Homer Fuller

Personal information
- Born: January 9, 1920 Annona, Texas, U.S.
- Died: March 25, 2007 (aged 87) Dallas, Texas, U.S.
- Listed height: 6 ft 3 in (1.91 m)
- Listed weight: 220 lb (100 kg)

Career information
- High school: Annona (Annona, Texas)
- College: East Texas A&M (1939–1942)
- Position: Shooting guard / small forward

Career history

Playing
- 1944–1945: Oshkosh All-Stars

Coaching
- 1945–1954: W. H. Adamson HS

= Homer Fuller =

American basketball player (1920–2007)

William Homer Fuller (January 9, 1920 – March 25, 2007) was an American professional basketball player. He played in the National Basketball League for the Oshkosh All-Stars during the 1944–45 season averaged 5.3 points per game. At East Texas A&M University he played basketball and tennis.

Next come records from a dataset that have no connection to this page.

lemma lambert_sq_folded_sums: "lambert_sq_folded q sums ramanujan_psi q ^ 4"
proof -
  define \<psi> where "\<psi> = ramanujan_psi q"
  define T where "T = lambert_sq_folded q"
  define a where "a j N = (if j \<le> N then T j * odd_even_ratio q (N-j) * odd_even_ratio q (N+j+1) else 0)"
    for j N
  define M where "M j = 2 * q^j / (1-q)^2 * (1 / qpoch_inf (q^2) (q^2)) * (1 / qpoch_inf (q^2) (q^2))"
    for j
  have "norm (a j N) \<le> M j" for j N
    using finite_sum_term_bound[of j N] q_pos qpoch_inf_even_pos by (simp add: a_def M_def T_def)
  moreover have "summable M"
    unfolding M_def using q_pos q_less_1
    by (intro summable_mult2 summable_divide summable_mult summable_geometric) auto
  moreover have "(\<lambda>N. a j N) \<longlonglongrightarrow> T j / \<psi>^2" for j
  proof (rule Lim_transform_eventually)
    show "(\<lambda>N. T j * odd_even_ratio q (N-j) * odd_even_ratio q (N+j+1)) \<longlonglongrightarrow> T j / \<psi>^2"
      unfolding T_def \<psi>_def by (rule finite_sum_term_LIMSEQ)
    show "\<forall>\<^sub>F N in sequentially. T j * odd_even_ratio q (N-j) * odd_even_ratio q (N+j+1) = a j N"
      using eventually_ge_at_top[of j] by eventually_elim (simp add: a_def)
  qed
  ultimately have norm_summable: "summable (\<lambda>j. norm (T j / \<psi>^2))"
    and tannery: "(\<lambda>N. \<Sum>j. a j N) \<longlonglongrightarrow> (\<Sum>j. T j / \<psi>^2)"
    using tannerys_theorem[of a "\<lambda>j. T j / \<psi>^2" sequentially M] by (auto intro: always_eventually)
  have "\<psi> > 0"
    unfolding \<psi>_def by (rule ramanujan_psi_pos)
  have "summable (\<lambda>j. T j / \<psi>^2)"
    using norm_summable by (rule summable_norm_cancel)
  then have "summable T"
    using summable_mult[of "\<lambda>j. T j / \<psi>^2" "\<psi>^2"] \<open>\<psi> > 0\<close> by simp
  have "(\<Sum>j. a j N) = (qpoch_even q N / qpoch_odd q (N+1))^2" for N
  proof -
    have "(\<Sum>j. a j N) = (\<Sum>j\<le>N. a j N)"
      by (rule suminf_finite) (auto simp: a_def)
    then show ?thesis
      unfolding qpoch_even_odd_square_finite a_def T_def by simp
  qed
  moreover have "(\<lambda>N. (qpoch_even q N / qpoch_odd q (N+1))^2) \<longlonglongrightarrow> \<psi>^2"
    unfolding \<psi>_def ramanujan_psi_def using qpoch_inf_odd_pos
    by (intro tendsto_power tendsto_divide qpoch_even_LIMSEQ)
      (simp_all add: LIMSEQ_Suc[OF qpoch_odd_LIMSEQ])
  ultimately have "(\<Sum>j. T j / \<psi>^2) = \<psi>^2"
    using tannery by (metis (no_types, lifting) LIMSEQ_unique ext)
  then have "(\<Sum>j. T j) = \<psi>^4"
    using suminf_divide[OF \<open>summable T\<close>, of "\<psi>^2"] \<open>\<psi> > 0\<close> by (simp add: field_simps)
  with \<open>summable T\<close> show ?thesis
    by (simp add: sums_iff T_def \<psi>_def)
qed

end

section \<open>Sums over the integers\<close>

lemma has_sum_int_split:
  fixes f :: "int \<Rightarrow> 'a::banach"
  assumes nonneg_part: "summable (\<lambda>n. norm (f (int n)))"
    and neg_part: "summable (\<lambda>n. norm (f (- int n - 1)))"
  shows "(f has_sum ((\<Sum>n. f (int n)) + (\<Sum>n. f (- int n - 1)))) UNIV"
proof -
  define g where "g n = - int n - 1" for n :: nat
  have "((\<lambda>n. f (int n)) has_sum (\<Sum>n. f (int n))) UNIV"
    by (rule norm_summable_imp_has_sum[OF nonneg_part summable_sums[OF summable_norm_cancel[OF nonneg_part]]])
  then have A: "(f has_sum (\<Sum>n. f (int n))) (range int)"
    using has_sum_reindex[of int UNIV f] by (simp add: o_def)
  have neg_part': "summable (\<lambda>n. norm (f (g n)))"
    using neg_part by (simp add: g_def)
  have "((\<lambda>n. f (g n)) has_sum (\<Sum>n. f (g n))) UNIV"
    by (rule norm_summable_imp_has_sum[OF neg_part' summable_sums[OF summable_norm_cancel[OF neg_part']]])
  then have B: "(f has_sum (\<Sum>n. f (g n))) (range g)"
    using has_sum_reindex[of g UNIV f] by (simp add: o_def inj_on_def g_def)
  have disjoint: "range int \<inter> range g = {}" by (auto simp: g_def)
  have cover: "range int \<union> range g = UNIV"
  proof safe
    fix k :: int assume "k \<notin> range g"
    show "k \<in> range int"
    proof (cases "0 \<le> k")
      case True
      then show ?thesis by (intro range_eqI[of _ _ "nat k"]) simp
    next
      case False
      then have "k = g (nat (- k - 1))" by (simp add: g_def)
      with \<open>k \<notin> range g\<close> show ?thesis by blast
    qed
  qed auto
  from has_sum_Un_disjoint[OF A B disjoint] show ?thesis
    unfolding cover g_def .
qed

lemma sums_half_of_reflection_symmetric:
  fixes f :: "int \<Rightarrow> real"
  assumes symmetric: "\<And>m. f (- m - 1) = f m" and has_sum: "(f has_sum S) UNIV"
  shows "(\<lambda>n. f (int n)) sums (S / 2)"
proof -
  have "f summable_on range int"
    by (rule summable_on_subset_banach[OF has_sum_imp_summable[OF has_sum] subset_UNIV])
  then have "(f \<circ> int) summable_on UNIV"
    by (simp only: summable_on_reindex[OF inj_on_subset[OF inj_of_nat subset_UNIV]])
  then have "(\<lambda>n. norm ((f \<circ> int) n)) summable_on UNIV"
    by (rule summable_on_iff_abs_summable_on_real[THEN iffD1])
  then have nonneg_part: "summable (\<lambda>n. norm (f (int n)))"
    unfolding o_def by (rule summable_on_imp_summable)
  then have "(f has_sum (2 * (\<Sum>n. f (int n)))) UNIV"
    using has_sum_int_split[of f] symmetric by simp
  then have "(\<Sum>n. f (int n)) = S / 2"
    using has_sum_unique[OF has_sum] by simp
  with summable_norm_cancel[OF nonneg_part] show ?thesis
    by (simp add: sums_iff)
qed

lemma has_sum_int_shift:
  fixes f :: "int \<Rightarrow> 'a::topological_comm_monoid_add"
  assumes "(f has_sum S) UNIV"
  shows "((\<lambda>m. f (m + k)) has_sum S) UNIV"
proof -
  have "bij_betw (\<lambda>m. m + k) UNIV UNIV"
    by (rule bij_betwI[of _ _ _ "\<lambda>m. m - k"]) auto
  then show ?thesis
    using assms has_sum_reindex_bij_betw by blast
qed

lemma power_int_affine:
  fixes x :: "'a::field"
  assumes "x \<noteq> 0"
  shows "x powi (int a * m + b) = (x powi m)^a * x powi b"
proof -
  have "x powi (int a * m + b) = x powi (m * int a) * x powi b"
    using assms by (simp add: power_int_add mult.commute)
  also have "x powi (m * int a) = (x powi m)^a"
    by (simp only: power_int_power')
  finally show ?thesis .
qed

lemma power_int_neq_1:
  fixes x :: real
  assumes "0 < x" "x < 1" "k \<noteq> 0"
  shows "x powi k \<noteq> 1"
proof -
  have "x powi k < 1 \<or> 1 < x powi k"
    using assms power_int_strict_decreasing[of 0 k x] power_int_strict_decreasing[of k 0 x]
    by (cases "0 < k") auto
  then show ?thesis by auto
qed

section \<open>Partial fractions\<close>

text \<open>The numerators of \<open>series_rational_partial_fractions\<close> with the denominators cleared,
  in terms of \<open>u = y\<^sup>2\<close>.\<close>

lemma series_partial_fraction_polynomial:
  fixes q u :: real
  shows "q^2 * ((1 + q*u) * u^2) * ((1-q^2)^5 * (1+q^2))
    = (q^3*(1-q^2)) * q * (1-q*u)^2 * (1-q^3*u)^2
    + (-(q^3*(2+q^2))) * (q-u) * (1-q*u)^2 * (1-q^3*u)^2
    + (2*q^2*(1-q^2)*(1+q^2)) * (q-u)^2 * (1-q^3*u)^2
    + (-(q^2*(1-q^2)*(1+q^2))) * (q-u)^2 * (1-q*u) * (1-q^3*u)^2
    + (q^3*(1-q^2)) * q * (q-u)^2 * (1-q*u)^2
    + (q^3*(1+2*q^2)) * q * (q-u)^2 * (1-q*u)^2 * (1-q^3*u)"
  by algebra

lemma partial_fractions_from_numerators:
  fixes q y E A B C W c1 c2 c3 c4 c5 c6 :: real
  assumes "q \<noteq> 0" "W \<noteq> 0" "A \<noteq> 0" "B \<noteq> 0" "C \<noteq> 0"
    and numerators: "q^2 * E * W = c1 * q * B^2 * C^2 + c2 * A * B^2 * C^2 + c3 * A^2 * C^2
      + c4 * A^2 * B * C^2 + c5 * q * A^2 * B^2 + c6 * q * A^2 * B^2 * C"
  shows "y * E / ((A/q)^2 * B^2 * C^2)
    = (c1 * ((y/q) / (A/q)^2) + c2 * ((y/q) / (A/q)) + c3 * (y / B^2) + c4 * (y / B)
       + c5 * ((y*q) / C^2) + c6 * ((y*q) / C)) / W"
proof -
  have "E = (q^2 * E * W) / (q^2 * W)"
    using assms(1,2) by simp
  also have "\<dots> = (c1 * q * B^2 * C^2 + c2 * A * B^2 * C^2 + c3 * A^2 * C^2
      + c4 * A^2 * B * C^2 + c5 * q * A^2 * B^2 + c6 * q * A^2 * B^2 * C) / (q^2 * W)"
    by (simp only: numerators)
  finally have E: "E = \<dots>" .
  show ?thesis
    unfolding E using assms(1-5) by (simp add: field_simps power2_eq_square)
qed

definition series_rational :: "real \<Rightarrow> real \<Rightarrow> real" where
  "series_rational q y = (1 + q*y^2) * y^5 / ((1 - y^2/q)^2 * (1 - q*y^2)^2 * (1 - q^3*y^2)^2)"

lemma series_rational_partial_fractions:
  fixes q y :: real
  assumes "q \<noteq> 0" "1 - q^2 \<noteq> 0" "1 - y^2/q \<noteq> 0" "1 - q*y^2 \<noteq> 0" "1 - q^3*y^2 \<noteq> 0"
  shows "series_rational q y =
    (q^3*(1-q^2) * ((y/q) / (1 - q*(y/q)^2)^2) - q^3*(2+q^2) * ((y/q) / (1 - q*(y/q)^2))
     + 2*q^2*(1-q^2)*(1+q^2) * (y / (1 - q*y^2)^2) - q^2*(1-q^2)*(1+q^2) * (y / (1 - q*y^2))
     + q^3*(1-q^2) * ((y*q) / (1 - q*(y*q)^2)^2) + q^3*(1+2*q^2) * ((y*q) / (1 - q*(y*q)^2)))
    / ((1-q^2)^5 * (1+q^2))"
proof -
  have rescale: "q*(y/q)^2 = y^2/q" "q*(y*q)^2 = q^3*y^2"
    using assms(1) by (simp_all add: power2_eq_square power3_eq_cube)
  have shifted: "1 - y^2/q = (q - y^2) / q"
    using assms(1) by (simp add: field_simps)
  have "0 < 1 + q^2"
    by (simp add: add_pos_nonneg)
  then have "(1-q^2)^5 * (1+q^2) \<noteq> 0"
    using assms(2) by simp
  moreover have "q - y^2 \<noteq> 0"
    using assms(3) unfolding shifted by simp
  ultimately have pf: "y * ((1 + q*y^2) * (y^2)^2) / (((q - y^2)/q)^2 * (1 - q*y^2)^2 * (1 - q^3*y^2)^2)
    = ((q^3*(1-q^2)) * ((y/q) / ((q - y^2)/q)^2) + (-(q^3*(2+q^2))) * ((y/q) / ((q - y^2)/q))
     + (2*q^2*(1-q^2)*(1+q^2)) * (y / (1 - q*y^2)^2) + (-(q^2*(1-q^2)*(1+q^2))) * (y / (1 - q*y^2))
     + (q^3*(1-q^2)) * ((y*q) / (1 - q^3*y^2)^2) + (q^3*(1+2*q^2)) * ((y*q) / (1 - q^3*y^2)))
    / ((1-q^2)^5 * (1+q^2))"
    using assms(1,4,5) by (intro partial_fractions_from_numerators series_partial_fraction_polynomial)
  have y5: "(1 + q*y^2) * y^5 = y * ((1 + q*y^2) * (y^2)^2)"
    by algebra
  show ?thesis
    unfolding rescale series_rational_def shifted y5 pf by simp
qed

text \<open>The reflection \<open>m \<mapsto> -m-1\<close> acts on \<open>y = q powi m\<close> as \<open>y \<mapsto> 1/(q y)\<close>.\<close>

lemma series_rational_reflect:
  fixes q y :: real
  assumes "q \<noteq> 0" "y \<noteq> 0" "1 - y^2/q \<noteq> 0" "1 - q*y^2 \<noteq> 0" "1 - q^3*y^2 \<noteq> 0"
  shows "series_rational q (1 / (q*y)) = series_rational q y"
proof -
  have sq: "(1 / (q*y))^2 / q = 1 / (q^3*y^2)" "q * (1 / (q*y))^2 = 1 / (q*y^2)"
    "q^3 * (1 / (q*y))^2 = q / y^2"
    using assms(1,2) by (simp_all add: field_simps power2_eq_square power3_eq_cube)
  have fac: "1 - 1 / (q^3*y^2) = - (1 - q^3*y^2) / (q^3*y^2)"
    "1 - 1 / (q*y^2) = - (1 - q*y^2) / (q*y^2)"
    "1 - q / y^2 = - (1 - y^2/q) * q / y^2"
    "1 + 1 / (q*y^2) = (1 + q*y^2) / (q*y^2)"
    using assms(1,2) by (simp_all add: field_simps)
  show ?thesis
    unfolding series_rational_def sq fac using assms
    by (simp add: power_divide power_mult_distrib field_simps) algebra
qed

lemma lambert_sq_reflect_rational:
  fixes q y :: real
  assumes "q \<noteq> 0" "y \<noteq> 0" "1 - q * y^2 \<noteq> 0"
  shows "(1 / (q * y)) / (1 - q * (1 / (q * y))^2)^2 = q * y^3 / (1 - q * y^2)^2"
proof -
  have "1 - q * (1 / (q * y))^2 = - (1 - q * y^2) / (q * y^2)"
    using assms by (simp add: field_simps power2_eq_square)
  then show ?thesis
    using assms by (simp add: power_divide field_simps power2_eq_square power3_eq_cube)
qed

lemma lambert_reflect_rational:
  fixes q y :: real
  assumes "q \<noteq> 0" "y \<noteq> 0" "1 - q * y^2 \<noteq> 0"
  shows "(1 / (q * y)) / (1 - q * (1 / (q * y))^2) = - (y / (1 - q * y^2))"
proof -
  have "1 - q * (1 / (q * y))^2 = - (1 - q * y^2) / (q * y^2)"
    using assms by (simp add: field_simps power2_eq_square)
  then show ?thesis
    using assms by (simp add: field_simps power2_eq_square)
qed

section \<open>Bilateral Lambert series and the main theorem\<close>

definition lambert :: "real \<Rightarrow> int \<Rightarrow> real" where
  "lambert q m = q powi m / (1 - q powi (2*m+1))"

definition lambert_sq :: "real \<Rightarrow> int \<Rightarrow> real" where
  "lambert_sq q m = q powi m / (1 - q powi (2*m+1))^2"

definition series_term :: "real \<Rightarrow> int \<Rightarrow> real" where
  "series_term q m = (1 + q powi (2*m+1)) * q powi (5*m) /
     ((1 - q powi (2*m-1))^2 * (1 - q powi (2*m+1))^2 * (1 - q powi (2*m+3))^2)"

lemma series_term_of_nat:
  "series_term q (int n) = (1 + q ^ (2*n+1)) * q ^ (5*n) /
     ((1 - q powi (2 * int n - 1))^2 * (1 - q ^ (2*n+1))^2 * (1 - q ^ (2*n+3))^2)"
proof -
  have "2 * int n + 1 = int (2*n+1)" "5 * int n = int (5*n)" "2 * int n + 3 = int (2*n+3)"
    by simp_all
  then show ?thesis
    unfolding series_term_def by (simp only: power_int_of_nat)
qed

context q_in_unit_interval
begin

lemma power_int_odd: "q powi (2*m+1) = q * (q powi m)^2"
  using power_int_affine[of q 2 m 1] q_pos by simp

lemma power_int_even_shift: "q powi (2*m + c) = (q powi m)^2 * q powi c"
  using power_int_affine[of q 2 m c] q_pos by simp

lemma power_int_odd_minus: "q powi (2*m - 1) = (q powi m)^2 / q"
  using power_int_even_shift[of m "-1"] by (simp add: power_int_minus divide_inverse)

lemma power_int_odd_plus_3: "q powi (2*m + 3) = q^3 * (q powi m)^2"
  using power_int_even_shift[of m 3] by (simp add: mult.commute)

After college, Fuller tried to join the Navy but was denied due to vascular problems in his legs. He became a school teacher in the Dallas, Texas area while also coaching and refereeing high school basketball and football. He moved up the ranks in education to become a Deputy Assistant Superintendent, retiring in 1981. Fuller also refereed collegiately for the Missouri Valley Conference and holds the distinction of being on the officiating crew of the first college football game in the Houston Astrodome.